PhoneStateMachine – adding afterTransitions
public class PhoneStateMachine extends AbstractStateMachine<PhoneStateMachine, PhoneStateId, PhoneEvent, PhoneContext> {
@Override
protected void afterTransitionCompleted(PhoneStateId fromState, PhoneStateId toState, PhoneEvent event, PhoneContext context) {
persistStateTransition(fromState, toState, event, context);
}
@Override
protected void afterTransitionDeclined(PhoneStateId fromState, PhoneEvent event, PhoneContext context) {
persistStateTransition(fromState, null, event, context);
}
@Override
protected void afterTransitionCausedException(PhoneStateId fromState, PhoneStateId toState, PhoneEvent event, PhoneContext context) {
logger.error("Exception during SM transition", getLastException().getTargetException());
}
}
Custom state machine modification
Even though the squirrel-foundation framework satisfied all the needs, there was no available structure to bind a pre-Action to an Event. For example, the code has to be sent to the user before the state machine is triggered for INITIAL state. Similarly, the code should be validated against the database and relevant context results should be properly populated before firing the state machine. This was achieved by creating a custom state machine and overriding the fire()
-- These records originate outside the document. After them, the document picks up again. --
(* Let $f(z)=\sum_{j\ge0}\binom{2j}{j}\left(\sum_{k=0}^{j}\binom{j}{k}^2\binom{j+k}{k}\binom{2k}{j}\right)z^j\in1+z\mathbb{Z}[[z]]$. Then for every prime $p$ one has $\Lambda_p(f_{|p})=f_{|p}$, and there is a finite set $\mathcal{J}$ of primes such that $f\in\mathcal{L}(\mathcal{P}\setminus\mathcal{J})$, where $\mathcal{P}$ is the set of all primes.
   Context: For a prime $p$, $\mathbb{Z}_{(p)}$ is the localization of $\mathbb{Z}$ at $(p)$; for $f=\sum a(n)z^n\in\mathbb{Z}_{(p)}[[z]]$, $f_{|p}(z)=\sum (a(n)\bmod p)z^n$; $\Lambda_p(\sum a(n)z^n)=\sum a(np)z^n$. The height of a rational function $P/Q$ with $P,Q$ coprime polynomials is $\max(\deg P,\deg Q)$. For an infinite set $\mathcal{S}$ of primes, $\mathcal{L}(\mathcal{S})$ is the set of $f\in 1+z\mathbb{Q}[[z]]$ such that there is a constant $C>0$ independent of $p$ with: for every $p\in\mathcal{S}$, $f\in\mathbb{Z}_{(p)}[[z]]$, and there exist an integer $l_p>0$ and $A_p\in\mathbb{F}_p(z)\cap\mathbb{F}_p[[z]]$ with $f_{|p}(z)=A_p(z)f_{|p}(z^{p^{l_p}})$ and height of $A_p$ at most $Cp^{l_p}$. *)

theory Defs
  imports "HOL-Computational_Algebra.Computational_Algebra"
begin

text \<open>Elements of F_p are represented by integers, reduction mod p by int mod.
  Power series / polynomials over F_p are represented by integer ones, compared
  after coefficientwise reduction mod p.\<close>

definition fps_red :: "nat \<Rightarrow> int fps \<Rightarrow> int fps" where
  "fps_red p F = Abs_fps (\<lambda>n. fps_nth F n mod int p)"

definition poly_red :: "nat \<Rightarrow> int poly \<Rightarrow> int poly" where
  "poly_red p P = map_poly (\<lambda>c. c mod int p) P"

definition Lambda_op :: "nat \<Rightarrow> 'a fps \<Rightarrow> 'a fps" where
  "Lambda_op p F = Abs_fps (\<lambda>n. fps_nth F (n * p))"

definition subst_pow :: "nat \<Rightarrow> 'a::zero fps \<Rightarrow> 'a fps" where
  "subst_pow q F = Abs_fps (\<lambda>n. if q dvd n then fps_nth F (n div q) else 0)"

definition dvd_mod :: "nat \<Rightarrow> int poly \<Rightarrow> int poly \<Rightarrow> bool" where
  "dvd_mod p D P \<longleftrightarrow> (\<exists>R. poly_red p (D * R) = poly_red p P)"

definition unit_mod :: "nat \<Rightarrow> int poly \<Rightarrow> bool" where
  "unit_mod p D \<longleftrightarrow> poly_red p D \<noteq> 0 \<and> degree (poly_red p D) = 0"

definition coprime_mod :: "nat \<Rightarrow> int poly \<Rightarrow> int poly \<Rightarrow> bool" where
  "coprime_mod p P Q \<longleftrightarrow>
     (\<forall>D. dvd_mod p D P \<and> dvd_mod p D Q \<longrightarrow> unit_mod p D)"

text \<open>The class L(S), for series with integer coefficients (so membership in
  Z_(p)[[z]] is automatic).  A_p = P/Q with P, Q coprime in F_p[z], Q nonzero,
  A_p lying in F_p[[z]] (witnessed by the series A with Q*A = P in F_p[[z]]),
  and height(A_p) = max(deg P, deg Q).\<close>
definition in_L :: "nat set \<Rightarrow> int fps \<Rightarrow> bool" where
  "in_L S f \<longleftrightarrow> fps_nth f 0 = 1 \<and>
     (\<exists>C::real. C > 0 \<and> (\<forall>p\<in>S. \<exists>l::nat. l > 0 \<and>
        (\<exists>P Q :: int poly. \<exists>A :: int fps.
           poly_red p Q \<noteq> 0 \<and> coprime_mod p P Q \<and>
           fps_red p (fps_of_poly Q * A) = fps_red p (fps_of_poly P) \<and>
           fps_red p f = fps_red p (A * subst_pow (p ^ l) f) \<and>
           real (max (degree (poly_red p P)) (degree (poly_red p Q))) \<le> C * real p ^ l)))"

definition coeff_a :: "nat \<Rightarrow> int" where
  "coeff_a j = int (2*j choose j) *
     (\<Sum>k=0..j. int ((j choose k)^2 * ((j+k) choose k) * ((2*k) choose j)))"

definition f20 :: "int fps" where
  "f20 = Abs_fps coeff_a"

end

theory Submission
  imports Defs
begin

(*
  The coefficients a(j) satisfy the Lucas congruences a(n p + r) = a(n) a(r) (mod p) for
  every prime p and 0 <= r < p.  Write T(j, k) = C(j,k)^2 C(j+k,k) C(2k,j) for the summands.
  By Lucas's theorem every binomial factor splits over the base-p digits of j and k as long
  as adding the last digits of j and k causes no carry; if it does, both sides vanish modulo p.
  Hence T(n p + r, m p + s) = T(n, m) T(r, s) (mod p), and summing over k = m p + s digit by
  digit gives the congruence for the inner sum; C(2j, j) is treated in the same way.

  Taking r = 0 and using a(0) = 1 gives Lambda_p(f) = f modulo p.  Writing j = n p + r gives
  f = A_p(z) f(z^p) modulo p with the polynomial A_p(z) = sum_{r<p} a(r) z^r of height at most p,
  so f lies in L of all primes with l_p = 1 and C = 1.
*)

section \<open>Lucas's theorem\<close>

lemma div_mod_Suc_digits:
  fixes p :: nat
  assumes "r < p"
  shows "Suc (n*p + r) div p = (if Suc r < p then n else Suc n)"
    and "Suc (n*p + r) mod p = (if Suc r < p then Suc r else 0)"
proof (atomize (full), cases "Suc r < p")
  case True
  have "Suc (n*p + r) = Suc r + n*p" by simp
  then show "Suc (n*p + r) div p = (if Suc r < p then n else Suc n) \<and>
    Suc (n*p + r) mod p = (if Suc r < p then Suc r else 0)"
    using True div_mult_self1[of p "Suc r" n] by (simp only:) simp
next
  case False
  then have "Suc (n*p + r) = Suc n * p" using assms by simp
  then show "Suc (n*p + r) div p = (if Suc r < p then n else Suc n) \<and>
    Suc (n*p + r) mod p = (if Suc r < p then Suc r else 0)"
    using False assms by (simp only:) simp
qed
method to perform an associated Action and then firing the StateMachine.
PhoneStateMachine – Adding Pre-Action
public class PhoneStateMachine extends AbstractStateMachine<PhoneStateMachine, PhoneStateId, PhoneEvent, PhoneContext> {
@Override
public void fire(PhoneEvent event, PhoneContext context) {
try {
event.getEventAction().execute(context);
if (context.getError() != null) {
logger.error("Event execution failed in SM due to:" + context.getError().name());
}
} catch (Exception e) {
logger.error("Exception in firing event: " + event, e);
context.setError(Errors.UnknownError);
return;
}
super.fire(event, context);
}
}
Squirrel-foundation provides the freedom of defining custom types for all necessary parameters such as Events, Actions, Context etc., which makes it possible for each PhoneEvent to be configured with an associated Action.
PhoneEvent
public enum PhoneEvent {
SEND_CODE(sendCodeAction),
VALIDATE_CODE(validateCodeAction),
;
private PhoneEventAction<PhoneContext> eventAction;
private PhoneEvent(PhoneEventAction<PhoneContext> eventAction) {
this.eventAction = eventAction;
}
public PhoneEventAction<PhoneContext> getEventAction() {
return eventAction;
}
}
public interface PhoneEventAction<T> {
void execute(PhoneContext context);
static final PhoneEventAction<PhoneContext> sendCodeAction = new PhoneEventAction<PhoneContext>() {
@Override
public void execute(PhoneContext context) {
logger.debug("sendPinAction:send code");
}
}
static final PhoneEventAction<PhoneContext> validateCodeAction = new PhoneEventAction<PhoneContext>() {
@Override
public void execute(PhoneContext context) {
logger.debug("validateCodeAction: verify code");
}
}
}
Conclusion
The state machine is a well-known structure for managing processing, and this is just one example of how a complex logical structure can be represented in a simple but effective and maintainable manner. This structure allows developers to manage changes and configure values effectively and almost bug-free. Currently, the above State machine is being configured with better listeners for effective logging, self-healing mechanisms in case of failures, changeover to use RxJava for state persistence, and logging as future enhancements.